El 15 de agosto de 1972, Fernández Palmeiro y Alejandro Ferreyra suben por separado al avión que desde Comodoro Rivadavia debía ir a Buenos Aires con escala en Trelew. Durante la escala, ante la demora de los presos en llegar, Fernández Palmeiro informa al piloto de que el avión está secuestrado, de modo que debe permanecer con el motor en marcha esperando a los fugados. Tras una breve espera una vez llega el primer grupo, dan la orden de volar a Santiago de Chile, y los 19 presos que no consiguieron alcanzar el avión fueron sitiados en el aeropuerto para, una semana más tarde, ser ajusticiados en lo que se conoció como la Masacre de Trelew.
Por su parte, Fernández Palmeiro pasó nueve días detenido en la Dirección de Investigaciones de Santiago de Chile, recibiendo visitas y manifestaciones en su favor, hasta que el presidente Salvador Allende le concedió asilo político a finales de agosto y un permiso para viajar a Cuba, con el acuerdo previo del gobierno de la isla.
Vuelta a España
Durante su estadía cubana, mantiene fuertes discusiones con Mario R. Santucho sobre la posición del PRT ante el peronismo y las elecciones en marcha. Ya por entonces madura su proyecto de alejarse de la organización, al igual que un sector que estrecha vínculos con el peronismo revolucionario. Está en el último grupo que retorna a Argentina desde La Habana, en un largo periplo que lo lleva por Moscú, Praga y Madrid. En esta última escala en España, impulsado por el peso de la sangre y los orígenes, decide visitar a su padre, con la íntima sospecha de que aquel reencuentro en la península ibérica sería el último. Arriba finalmente a Buenos Aires con un pasaporte español falso a nombre de Juan Ontivero Reyes.

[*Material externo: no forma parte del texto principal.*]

(* Let $p>3$ be a prime. Then $$\left(\tfrac{p-1}{2}\right)!!\prod_{\substack{i,j=1\\ p\nmid 2i+j}}^{(p-1)/2}(2i+j)\ \equiv\ \left(\frac{-2}{p}\right)\left(\tfrac{p-3}{2}\right)!!\prod_{\substack{i,j=1\\ p\nmid 2i-j}}^{(p-1)/2}(2i-j)\ \equiv\ \pm1\pmod p.$$
   Context: For a positive integer $n$, $n!!=\prod_{k=0}^{\lfloor(n-1)/2\rfloor}(n-2k)$, and $0!!=1$. $\left(\frac{\cdot}{p}\right)$ denotes the Legendre symbol. *)

theory Defs
  imports "HOL-Number_Theory.Number_Theory"
begin

definition dfact :: "nat \<Rightarrow> nat" where
  "dfact n = (if n = 0 then 1 else (\<Prod>k\<in>{0..(n - 1) div 2}. n - 2 * k))"

end

theory Submission
  imports Defs
begin

text \<open>
  Put \<open>n = (p - 1)/2\<close>. Grouping the double products by \<open>i\<close>, the \<open>i\<close>-th factor of the left
  product is the product of the non-multiples of \<open>p\<close> in \<open>[2i+1, 2i+n]\<close>, that of the right
  product the one over \<open>[2i-n, 2i-1]\<close>. Together with \<open>2i\<close> they fill a window of \<open>p\<close> consecutive
  integers, whose non-multiples of \<open>p\<close> multiply to \<open>(p-1)! \<equiv> -1\<close> by Wilson's theorem; with
  \<open>n!! (n-1)!! = n!\<close> and Euler's criterion \<open>(-2/p) \<equiv> (-2)^n\<close> this gives \<open>A B \<equiv> 1\<close>.
  Pairing the left factors \<open>i\<close> and \<open>i + \<lceil>n/2\<rceil>\<close> into further windows shows \<open>A \<equiv> \<plusminus>1\<close>
  for even \<open>n\<close> and \<open>A \<equiv> \<plusminus>(p-2)!!\<close> for odd \<open>n\<close>, where \<open>((p-2)!!)\<^sup>2 \<equiv> (-1)^(n+1)\<close>; so
  \<open>A\<^sup>2 \<equiv> 1\<close>, whence \<open>A \<equiv> B\<close> and \<open>B\<^sup>2 \<equiv> 1\<close>.
\<close>

lemma cong_eq_if_mult_eq_one:
  fixes a b m :: int
  assumes "[a * b = 1] (mod m)" and "[a^2 = 1] (mod m)"
  shows "[a = b] (mod m)"
proof -
  have "[a * (a * b) = a] (mod m)" using cong_scalar_left[OF assms(1), of a] by simp
  moreover have "[a * (a * b) = b] (mod m)"
    using cong_scalar_right[OF assms(2), of b] by (simp add: power2_eq_square mult.assoc)
  ultimately show ?thesis by (metis cong_sym cong_trans)
qed

lemma cong_square_eq_one_prime:
  fixes b q :: int
  assumes "prime q" and "[b^2 = 1] (mod q)"
  shows "[b = 1] (mod q) \<or> [b = -1] (mod q)"
  using assms by (auto simp: power2_eq_square cong_iff_dvd_diff square_diff_one_factored
                       dest: prime_dvd_multD)

subsection \<open>Double factorials\<close>

lemma dfact_Suc_Suc: "dfact (Suc (Suc n)) = (n + 2) * dfact n"
proof (cases n)
  case 0 then show ?thesis by (simp add: dfact_def)
next
  case (Suc k)
  have "dfact (Suc (Suc n)) = (\<Prod>k=0..Suc ((n - 1) div 2). Suc (Suc n) - 2 * k)"
    unfolding dfact_def using Suc by simp
  also have "\<dots> = (n + 2) * (\<Prod>k=0..(n - 1) div 2. Suc (Suc n) - 2 * Suc k)"
    by (subst prod.atLeast0_atMost_Suc_shift) simp
  also have "(\<Prod>k=0..(n - 1) div 2. Suc (Suc n) - 2 * Suc k) = dfact n"
    unfolding dfact_def using Suc by simp
  finally show ?thesis .
qed

lemma dfact_Suc_mult_dfact: "dfact (Suc n) * dfact n = fact (Suc n)"
proof (induction n)
  case 0 then show ?case by (simp add: dfact_def)
next
  case (Suc n) then show ?case by (simp add: dfact_Suc_Suc algebra_simps)
qed

lemma dfact_add_double:
  "int (dfact (a + 2 * k)) = int (dfact a) * (\<Prod>i\<in>{1..int k}. int a + 2 * i)"
proof (induction k)
  case 0 then show ?case by simp
next
  case (Suc k)
  have "a + 2 * Suc k = Suc (Suc (a + 2 * k))" by simp
  moreover have "{1..int (Suc k)} = insert (int k + 1) {1..int k}" by auto
  ultimately show ?case using Suc by (simp add: dfact_Suc_Suc algebra_simps)
qed

lemma prod_evens: "(\<Prod>i\<in>{1..int k}. 2 * i) = 2 ^ k * fact k"
proof (induction k)
  case 0 then show ?case by simp
next
  case (Suc k)
  have "{1..int (Suc k)} = insert (int k + 1) {1..int k}" by auto
  then show ?case using Suc by (simp add: algebra_simps)
qed

lemma dfact_even: "int (dfact (2 * k)) = (\<Prod>i\<in>{1..int k}. 2 * i)"
  using dfact_add_double[of 0 k] by (simp add: dfact_def)

lemma dfact_odd: "int (dfact (2 * k + 1)) = (\<Prod>i\<in>{0..int k}. 2 * i + 1)"
proof (induction k)
  case 0 then show ?case by (simp add: dfact_def)
next
  case (Suc k)
  have "2 * Suc k + 1 = Suc (Suc (2 * k + 1))" by simp
  moreover have "{0..int (Suc k)} = insert (int k + 1) {0..int k}" by auto
  ultimately show ?case using Suc by (simp add: dfact_Suc_Suc algebra_simps)
qed

text \<open>\<open>((p-2)!!)\<^sup>2 \<equiv> (-1)^((p+1)/2) (mod p)\<close>: reflecting \<open>2k+1 \<equiv> -(p-1-2k)\<close> turns \<open>(p-2)!!\<close>
  into \<open>\<plusminus>(p-1)!!\<close>, and \<open>(p-2)!! (p-1)!! = (p-1)! \<equiv> -1\<close>.\<close>
lemma dfact_square_cong:
  assumes "prime p" and "p = 2 * n + 1"
  shows "[int (dfact (2 * n - 1))^2 = (-1)^(n+1)] (mod int p)"
proof -
  define D where "D = int (dfact (2 * n - 1))"
  have n1: "n \<ge> 1" using prime_gt_1_nat[OF assms(1)] assms(2) by simp
  have "2 * n - 1 = 2 * (n - 1) + 1" "int (n - 1) = int n - 1" using n1 by auto
  then have "D = (\<Prod>k\<in>{0..int n - 1}. 2 * k + 1)"
    unfolding D_def by (metis dfact_odd)
  also have "[\<dots> = (\<Prod>k\<in>{0..int n - 1}. -1 * (2 * (int n - k)))] (mod int p)"
  proof (rule cong_prod)
    fix k :: int
    have "2 * k + 1 - -1 * (2 * (int n - k)) = int p" using assms(2) by simp
    then show "[2 * k + 1 = -1 * (2 * (int n - k))] (mod int p)"
      unfolding cong_iff_dvd_diff by simp
  qed
  also have "(\<Prod>k\<in>{0..int n - 1}. -1 * (2 * (int n - k))) = (-1)^n * (\<Prod>k\<in>{0..int n - 1}. 2 * (int n - k))"
    by (simp only: prod.distrib prod_constant) simp
  also have "(\<Prod>k\<in>{0..int n - 1}. 2 * (int n - k)) = (\<Prod>j\<in>{1..int n}. 2 * j)"
    by (rule prod.reindex_bij_witness[where i = "\<lambda>j. int n - j" and j = "\<lambda>k. int n - k"]) auto
  finally have reflect: "[D = (-1)^n * int (dfact (2 * n))] (mod int p)"
    by (simp add: dfact_even)
  have "int (dfact (2 * n)) * D = fact (p - 1)"
  proof -
    have "dfact (2 * n) * dfact (2 * n - 1) = fact (p - 1)"
      using dfact_Suc_mult_dfact[of "2 * n - 1"] n1 assms(2) by simp
    then show ?thesis unfolding D_def by (metis of_nat_fact of_nat_mult)
  qed
  then have "[D^2 = (-1)^n * fact (p - 1)] (mod int p)"
    using cong_scalar_right[OF reflect, of D] by (simp add: power2_eq_square mult.assoc)
  also have "[(-1)^n * fact (p - 1) = (-1)^n * (-1 :: int)] (mod int p)"
    by (rule cong_scalar_left) (rule wilson_theorem[OF assms(1)])
  finally show ?thesis unfolding D_def by simp
qed

subsection \<open>Products of the non-multiples of a modulus\<close>

definition prod_nonmultiples :: "int \<Rightarrow> int set \<Rightarrow> int" where
  "prod_nonmultiples m S = (\<Prod>t\<in>{t\<in>S. \<not> m dvd t}. t)"

lemma prod_nonmultiples_split:
  assumes "a \<le> b + 1" and "b \<le> c"
  shows "prod_nonmultiples m {a..c} = prod_nonmultiples m {a..b} * prod_nonmultiples m {b+1..c}"
proof -
  have split: "{t\<in>{a..c}. \<not> m dvd t} = {t\<in>{a..b}. \<not> m dvd t} \<union> {t\<in>{b+1..c}. \<not> m dvd t}"
    using assms by auto
  show ?thesis unfolding prod_nonmultiples_def split
    by (rule prod.union_disjoint) (auto intro: rev_finite_subset[OF finite_atLeastAtMost_int])
qed

lemma prod_nonmultiples_singleton: "prod_nonmultiples m {e} = (if m dvd e then 1 else e)"
  by (simp add: prod_nonmultiples_def Collect_conj_eq)

lemma prod_nonmultiples_eq_prod:
  "(\<And>t. t \<in> S \<Longrightarrow> \<not> m dvd t) \<Longrightarrow> prod_nonmultiples m S = (\<Prod>t\<in>S. t)"
  unfolding prod_nonmultiples_def by (rule prod.cong) auto

lemma prod_atLeastAtMost_eq_fact: "(\<Prod>t\<in>{1..int k}. t) = fact k"
proof (induction k)
  case 0 then show ?case by simp
next
  case (Suc k)
  have "{1..int (Suc k)} = insert (int k + 1) {1..int k}" by auto
  then show ?case using Suc by (simp add: algebra_simps)
qed

text \<open>The residues mod \<open>p\<close> of the non-multiples in a window of length \<open>p\<close> are \<open>1, \<dots>, p-1\<close>.\<close>
lemma prod_nonmultiples_window_cong:
  assumes "prime p"
  shows "[prod_nonmultiples (int p) {a..a + int p - 1} = -1] (mod int p)"
proof -
  define P where "P = int p"
  have P1: "P > 1" using prime_gt_1_nat[OF assms] P_def by simp
  define T where "T = {t\<in>{a..a + P - 1}. \<not> P dvd t}"
  have "[prod_nonmultiples P {a..a + P - 1} = (\<Prod>t\<in>T. t mod P)] (mod P)"
    unfolding prod_nonmultiples_def T_def by (rule cong_prod) (simp add: cong_def)
  also have "(\<Prod>t\<in>T. t mod P) = (\<Prod>r\<in>{1..P - 1}. r)"
  proof (rule prod.reindex_bij_witness[where j = "\<lambda>t. t mod P" and i = "\<lambda>r. a + (r - a) mod P"])
    fix t assume t: "t \<in> T"
    then have "(t - a) mod P = t - a" unfolding T_def by simp
    then show "a + (t mod P - a) mod P = t"
      by (metis add.commute diff_add_cancel mod_diff_left_eq)
    have "t mod P \<noteq> 0" "0 \<le> t mod P" "t mod P < P"
      using t P1 unfolding T_def by (simp_all add: dvd_eq_mod_eq_0)
    then show "t mod P \<in> {1..P - 1}" by simp
    show "t mod P = t mod P" ..
  next
    fix r assume r: "r \<in> {1..P - 1}"
    then show "(a + (r - a) mod P) mod P = r"
      by (simp add: mod_add_right_eq)
    then show "a + (r - a) mod P \<in> T" unfolding T_def using r P1
      by (auto simp: dvd_eq_mod_eq_0)
  qed
  also have "(\<Prod>r\<in>{1..P - 1}. r) = fact (p - 1)"
    using prod_atLeastAtMost_eq_fact[of "p - 1"] P1 P_def by simp
  finally show ?thesis using wilson_theorem[OF assms] cong_trans unfolding P_def by blast
qed

lemma prod_nonmultiples_shift_plus:
  "(\<Prod>j\<in>{j\<in>{1..N}. \<not> m dvd c + j}. c + j) = prod_nonmultiples m {c + 1..c + N}"
  unfolding prod_nonmultiples_def
  by (rule prod.reindex_bij_witness[where i = "\<lambda>t. t - c" and j = "\<lambda>j. c + j"]) auto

La idea de vengar a los caídos en Trelew comienza a obsesionarle, de modo que junto a otros veteranos del comité militar, participa en el impulso de una facción dentro del partido que sostiene un apoyo crítico a la candidatura presidencial de Héctor J. Cámpora y que se denomina ERP-22 de Agosto, en homenaje a los fusilados.
Venganza
Dos días antes de las elecciones nacionales que darán el triunfo al Frente Justicialista de Liberación, el 8 de marzo de 1973, el ERP-22 de Agosto hace pública su disidencia al secuestrar al propietario del diario Crónica y del Canal 11 de televisión, Héctor Ricardo García, a quien obliga a publicar un comunicado de apoyo a la candidatura de Héctor J. Cámpora; y continúa realizando acciones de propaganda armada de gran repercusión, como la toma del pueblo de Ingeniero Maschwitz, en la provincia de Buenos Aires.

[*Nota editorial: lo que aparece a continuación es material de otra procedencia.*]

lemma q_eq:
  assumes "n \<ge> j"
  shows "q n j = rate j / (real n + offset)"
proof -
  have "lam * real j \<le> lam * real n" using assms lam_pos by simp
  also have "\<dots> \<le> D n" unfolding D_def by simp
  finally have "lam * real j / D n \<le> 1" using D_pos[of n] by simp
  then have "q n j = lam * real j / D n"
    unfolding q_def clamp01_def using lam_pos D_pos[of n] by simp
  moreover have "D n = (real k + lam) * (real n + offset)"
    unfolding D_def offset_def using lam_pos by (simp add: field_simps)
  ultimately show ?thesis unfolding rate_def using lam_pos by (simp add: field_simps)
qed

lemma q_tendsto_zero: "(\<lambda>n. q n j) \<longlonglongrightarrow> 0"
proof -
  have "(\<lambda>n. (rate j / real n) / (1 + offset / real n)) \<longlonglongrightarrow> 0 / (1 + 0)"
    by (intro tendsto_intros) auto
  moreover have "eventually (\<lambda>n. (rate j / real n) / (1 + offset / real n) = q n j) sequentially"
    using eventually_ge_at_top[of "Suc j"]
    by eventually_elim (use q_eq offset_pos in \<open>simp add: field_simps\<close>)
  ultimately show ?thesis by (simp add: Lim_transform_eventually)
qed

lemma n_times_q_tendsto: "(\<lambda>n. real n * q n j) \<longlonglongrightarrow> rate j"
proof -
  have "(\<lambda>n. rate j / (1 + offset / real n)) \<longlonglongrightarrow> rate j / (1 + 0)"
    by (intro tendsto_intros) auto
  moreover have "eventually (\<lambda>n. rate j / (1 + offset / real n) = real n * q n j) sequentially"
    using eventually_ge_at_top[of "Suc j"]
    by eventually_elim (use q_eq offset_pos in \<open>simp add: field_simps\<close>)
  ultimately show ?thesis by (simp add: Lim_transform_eventually)
qed

text \<open>The limits k x_j are the fixed points of the mean recursion.\<close>
lemma limit_fixed_point_1: "real k / (1 + rate 1) = real k * paa_limit lam k 1"
proof -
  have "1 + rate 1 = (real k + 2 * lam) / (real k + lam)"
    unfolding rate_def using lam_pos by (simp add: field_simps)
  moreover have "1 + real k / lam = (real k + lam) / lam" "2 + real k / lam = (real k + 2 * lam) / lam"
    using lam_pos by (simp_all add: field_simps)
  ultimately show ?thesis unfolding paa_limit_1[OF lam_pos] using lam_pos by simp
qed

lemma limit_fixed_point_Suc:
  assumes "j \<ge> 1"
  shows "real k * paa_limit lam k j * rate j / (1 + rate (Suc j)) = real k * paa_limit lam k (Suc j)"
proof -
  define Z where "Z = real k + 2 * lam + lam * real j"
  have kl: "real k + lam > 0" using lam_pos by simp
  have Z: "Z > 0" unfolding Z_def using lam_pos by (simp add: add_pos_nonneg)
  have rate_Suc: "1 + rate (Suc j) = Z / (real k + lam)"
    unfolding rate_def Z_def using kl by (simp add: field_simps)
  have "real k * paa_limit lam k j * rate j / (1 + rate (Suc j))
      = real k * paa_limit lam k j * (lam * real j) / Z"
    unfolding rate_Suc unfolding rate_def using kl Z by simp
  also have "\<dots> = real k * (paa_limit lam k j * real j / (Z / lam))"
    using lam_pos by simp
  also have "Z / lam = 2 + real k / lam + real j"
    unfolding Z_def using lam_pos by (simp add: field_simps)
  finally show ?thesis unfolding paa_limit_Suc[OF lam_pos assms] .
qed

text \<open>The mean number of books of score j grows like k x_j n.  Induction on j: the count of
  score j is fed by the count of score j-1 (or by the k new books, for j = 1).\<close>
lemma mean_count_asymptotics:
  assumes "j \<ge> 1"
  shows "(\<lambda>n. mean_count n j / real n) \<longlonglongrightarrow> real k * paa_limit lam k j"
  using assms
proof (induction j rule: nat_induct_at_least)
  case base
  have "eventually (\<lambda>n. mean_count (Suc n) 1
      = (1 - rate 1 / (real n + offset)) * mean_count n 1 + real k * (1 - q n 1)) sequentially"
    using eventually_ge_at_top[of 1]
    by eventually_elim (simp add: mean_count_Suc q_eq q_zero algebra_simps add_divide_distrib)
  moreover have "(\<lambda>n. real k * (1 - q n 1)) \<longlonglongrightarrow> real k * (1 - 0)"
    by (intro tendsto_intros q_tendsto_zero)
  ultimately have "(\<lambda>n. mean_count n 1 / real n) \<longlonglongrightarrow> real k * (1 - 0) / (1 + rate 1)"
    by (rule linear_recursion_asymptotics[OF rate_nonneg offset_pos])
  then show ?case using limit_fixed_point_1 by simp
next
  case (Suc j)
  define c where "c = (if Suc j = 2 then real k else 0)"
  have "eventually (\<lambda>n. mean_count (Suc n) (Suc j)
      = (1 - rate (Suc j) / (real n + offset)) * mean_count n (Suc j)
        + ((mean_count n j / real n) * (real n * q n j) + c * q n j)) sequentially"
    using eventually_ge_at_top[of "Suc j"]
    by eventually_elim (use Suc.hyps in \<open>simp add: mean_count_Suc q_eq c_def algebra_simps\<close>)
  moreover have "(\<lambda>n. (mean_count n j / real n) * (real n * q n j) + c * q n j)
      \<longlonglongrightarrow> real k * paa_limit lam k j * rate j + c * 0"
    by (intro tendsto_intros Suc.IH n_times_q_tendsto q_tendsto_zero)
  ultimately have "(\<lambda>n. mean_count n (Suc j) / real n)
      \<longlonglongrightarrow> (real k * paa_limit lam k j * rate j + c * 0) / (1 + rate (Suc j))"
    by (rule linear_recursion_asymptotics[OF rate_nonneg offset_pos])
  then show ?case using limit_fixed_point_Suc[OF Suc.hyps] by simp
qed

end

theorem mainTheorem3:
  fixes lam :: real and k l i :: nat
  assumes "lam > 0" and "k \<ge> 1" and "lam \<le> real (k + l)" and "i \<ge> 1"
  shows "\<forall>\<epsilon>>0. (\<lambda>n. measure_pmf.prob (paa_state lam k l n)
            {s. \<bar>real (num_score i s) / (real n * real k) - paa_limit lam k i\<bar> > \<epsilon>})
          \<longlonglongrightarrow> 0"
proof (intro allI impI)
  fix \<epsilon> :: real
  assume \<epsilon>: "\<epsilon> > 0"
  interpret paa lam k l using assms by unfold_locales auto
  have k: "real k > 0" using assms by simp
  have "(\<lambda>n. mean_count n i / real n / real k) \<longlonglongrightarrow> real k * paa_limit lam k i / real k"
    by (intro tendsto_intros mean_count_asymptotics assms) (use k in simp)
  then have mean: "(\<lambda>n. mean_count n i / (real n * real k)) \<longlonglongrightarrow> paa_limit lam k i"
    using k by simp
  have scale: "eventually (\<lambda>n. real n * real k > 0) sequentially"
    using eventually_gt_at_top[of 0] by eventually_elim (use k in simp)
  show "(\<lambda>n. measure_pmf.prob (S n)
      {s. \<bar>real (num_score i s) / (real n * real k) - paa_limit lam k i\<bar> > \<epsilon>}) \<longlonglongrightarrow> 0"
    using second_moment_method_convergence[OF state_finite scale _ _ \<epsilon>]
      mean var_count_normalised_tendsto_zero[OF assms(4)]
    unfolding mean_count_def var_count_def by simp
qed

end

Manteniendo su meta de vengar la masacre de Trelew, Fernández Palmeiro decide ajusticiar al contraalmirante Hermes Quijada, jefe de la base Almirante Zar durante los fusilamientos. En un operativo llevado a cabo apenas con una moto y un coche de apoyo, el 30 de abril de 1973 concreta su plan al disparar al militar en pleno centro de la ciudad de Buenos Aires. Sin embargo, también él recibió un disparo por parte del chófer del marino, y aunque logró escapar murió a las pocas horas. Se cuenta que sus últimas palabras fueron: “¡Los vengué!”.
El músico Andrés Calamaro lo homenajea en unos versos de su tema 22 de Agosto: “¡Brindemos por los muertos de Trelew! / Un patético almirante apareció en la televisión / explicando que los malos se habían escapado / y, por supuesto, nadie le creyó. / Y algún tiempo después, el marino Hermes Quijada se enteró de que la muerte viaja en moto. / El Gallego Fernández Palmeiro, combatiente del ERP 22 de Agosto / era el piloto que lo llenó de plomo, / lo llenó de plomo y se las tomó”.